The bundled models are int8-ONNX redistributions of two open models — **please
keep crediting the original authors**:

- **Arabic** — [`hatmimoha/arabic-ner`](https://huggingface.co/hatmimoha/arabic-ner)
  by Hatim Mohamed (on [`asafaya/bert-base-arabic`](https://huggingface.co/asafaya/bert-base-arabic) by Ali Safaya).
- **English** — [`dslim/bert-base-NER`](https://huggingface.co/dslim/bert-base-NER)
  by David S. Lim (MIT, CoNLL-2003).

Hosted (quantized) at
[`aajil-labs-sa/arabic-pii-ner`](https://huggingface.co/aajil-labs-sa/arabic-pii-ner)
with full provenance + SHAs.

---

## License

**© Aajil Labs.** Dual-licensed — your choice of **MIT** *or* **Apache-2.0**
(see `LICENSE-MIT` and `LICENSE-APACHE`).

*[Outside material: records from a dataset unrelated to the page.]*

definition pie_well_posed :: "real \<Rightarrow> real \<Rightarrow> rl2 set \<Rightarrow> rl2 set \<Rightarrow> (rl2 \<Rightarrow> rl2) \<Rightarrow>
    (rl2 \<Rightarrow> rl2) \<Rightarrow> (rl2 \<Rightarrow> rl2) \<Rightarrow> bool" where
  "pie_well_posed a b H V T A B \<longleftrightarrow>
     (\<forall>v\<in>V. (\<exists>x. pie_solution a b H T A B v x) \<and>
        (\<forall>x y. pie_solution a b H T A B v x \<and> pie_solution a b H T A B v y \<longrightarrow>
               (\<forall>t\<ge>0. rl2_dist a b (x t) (y t) = 0)))"

definition ip_norm :: "real \<Rightarrow> real \<Rightarrow> rl2 set \<Rightarrow> rl2 set \<Rightarrow> (rl2 \<Rightarrow> rl2) \<Rightarrow> (rl2 \<Rightarrow> rl2) \<Rightarrow>
    (rl2 \<Rightarrow> rl2) \<Rightarrow> (rl2 \<Rightarrow> rl2) \<Rightarrow> ereal" where
  "ip_norm a b H V T A B C =
     (SUP p \<in> {(v, x, t). v \<in> V \<and> rl2_norm a b v = 1 \<and> pie_solution a b H T A B v x \<and> t \<ge> 0}.
        ereal (rl2_norm a b (C ((fst (snd p)) (snd (snd p))))))"

end

theory Submission
  imports Defs
begin

(*
  Both conditions are Lyapunov certificates.  Under (i), V(t) = <T x(t), Q T x(t)> is
  nonincreasing along every solution because its derivative 2 <A x, Q T x> is nonpositive;
  initially T x(0) = B v, so V(0) = <v, B* Q B v> <= |v|^2, and the output inequality gives
  |C x(t)|^2 <= gamma^2 V(t).  Condition (ii) is condition (i) for the dual PIE, and the pairing
  <T x(s), xd(t - s)> of a solution with a dual solution is constant in s, so
  |C x(t)|^2 = <v, B* xd(t)> for the dual solution xd started at C x(t); the dual bound
  |B* xd(t)| <= gamma |C x(t)| then gives the claim.  The analytic input is that 4-PI operators
  map RL2 boundedly into RL2, which makes V continuous and differentiable along trajectories.
*)

section \<open>The inner product space RL2\<close>

definition rl2_comp :: "real \<Rightarrow> real \<Rightarrow> rl2 \<Rightarrow> nat \<Rightarrow> real \<Rightarrow> real" where
  "rl2_comp a b u i s = indicator {a..b} s * vec_index (snd u s) i"
lemma P_cat_strand_j_to_k:
  assumes n: "n \<ge> 3" and w: "w \<in> P_cat n" and j: "2 \<le> j" "j \<le> n - 1" "0 < w (j - 1) 1"
  obtains k where "j < k" "k \<le> n" "\<forall>m. j \<le> m \<and> m + 1 < k \<longrightarrow> 0 < w m 3" "k < n \<longrightarrow> 0 < w (k - 1) 5"
proof -
  \<comment> \<open>The strand may leave through leaf n, which is recorded by a virtual exit at vertex n - 1.\<close>
  define x where "x m = (if m \<le> n - 2 then w m 3 else 0)" for m
  define y where "y m = (if m \<le> n - 2 then w m 5 else 1)" for m
  have "\<exists>e. j \<le> e \<and> e \<le> n - 1 \<and> (\<forall>m. j \<le> m \<and> m < e \<longrightarrow> 0 < x m) \<and> 0 < y e"
  proof (rule walk_exit)
    show "0 < x j + y j"
      using P_cat_spine(2)[OF w, of "j - 1"] j by (cases "j \<le> n - 2") (auto simp: x_def y_def)
    show "0 < x (Suc m) + y (Suc m)" if "j \<le> m" "m < n - 1" "0 < x m" for m
      using P_cat_spine(2)[OF w, of m] that j by (auto simp: x_def y_def)
  qed (use j in \<open>auto simp: x_def\<close>)
  then obtain e where "j \<le> e" "e \<le> n - 1" "\<forall>m. j \<le> m \<and> m < e \<longrightarrow> 0 < x m" "0 < y e"
    by blast
  then show ?thesis
    using n by (intro that[of "e + 1"]) (auto simp: x_def y_def split: if_splits)
qed

lemma wijk_below:
  assumes n: "n \<ge> 3" and w: "w \<in> P_cat n" and nz: "w \<noteq> zero_asg"
  obtains t where "t \<in> triples n" "wijk n t \<le> w"
proof -
  obtain i where i: "1 \<le> i" "i \<le> n - 2" "0 < w i 0 + w i 1" "i = 1 \<or> 0 < w (i - 1) 2"
    using P_cat_strand_start[OF n w nz] by blast
  obtain j where j: "i < j" "j \<le> n - 1" "\<forall>m. i \<le> m \<and> m + 1 < j \<longrightarrow> 0 < w m 0" "0 < w (j - 1) 1"
    using P_cat_strand_i_to_j[OF n w i(1-3)] by blast
  obtain k where k: "j < k" "k \<le> n" "\<forall>m. j \<le> m \<and> m + 1 < k \<longrightarrow> 0 < w m 3" "k < n \<longrightarrow> 0 < w (k - 1) 5"
    using P_cat_strand_j_to_k[OF n w _ j(2,4)] i(1) j(1) by auto
  have t: "(i, j, k) \<in> triples n"
    using i j k by (simp add: triples_def)
  have "wijk n (i, j, k) \<le> w"
  proof (rule P_cat_leI[OF wijk_in_P_cat[OF n t] w])
    fix m p :: nat
    assume m: "1 \<le> m" "m \<le> n - 2" and "p \<in> {0, 1, 2, 3, 5}"
    have ind: "of_bool P \<le> x" if "P \<Longrightarrow> 0 < x" for P and x :: nat
      using that by (cases P) auto
    have "i \<le> m \<and> m + 2 \<le> j \<Longrightarrow> 0 < w m 0" "i \<le> m \<and> j = m + 1 \<Longrightarrow> 0 < w m 1"
      "i = m + 1 \<Longrightarrow> 0 < w m 2" "j \<le> m \<and> m + 2 \<le> k \<Longrightarrow> 0 < w m 3"
      "j \<le> m \<and> k = m + 1 \<Longrightarrow> 0 < w m 5"
      using i(4) j(3,4) k(3,4) m by auto
    with \<open>p \<in> {0, 1, 2, 3, 5}\<close> show "wijk n (i, j, k) m p \<le> w m p"
      unfolding wijk_inside[OF m] by (auto intro!: ind)
  qed
  with t show ?thesis
    by (rule that)
qed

You may use, modify, and redistribute this software (including privately and
commercially) under either license. **You must keep the copyright and license
notices** in copies and substantial portions. The bundled NER models are
redistributed under their original authors' terms — credit them as above.

This is yours to build on — just respect the license.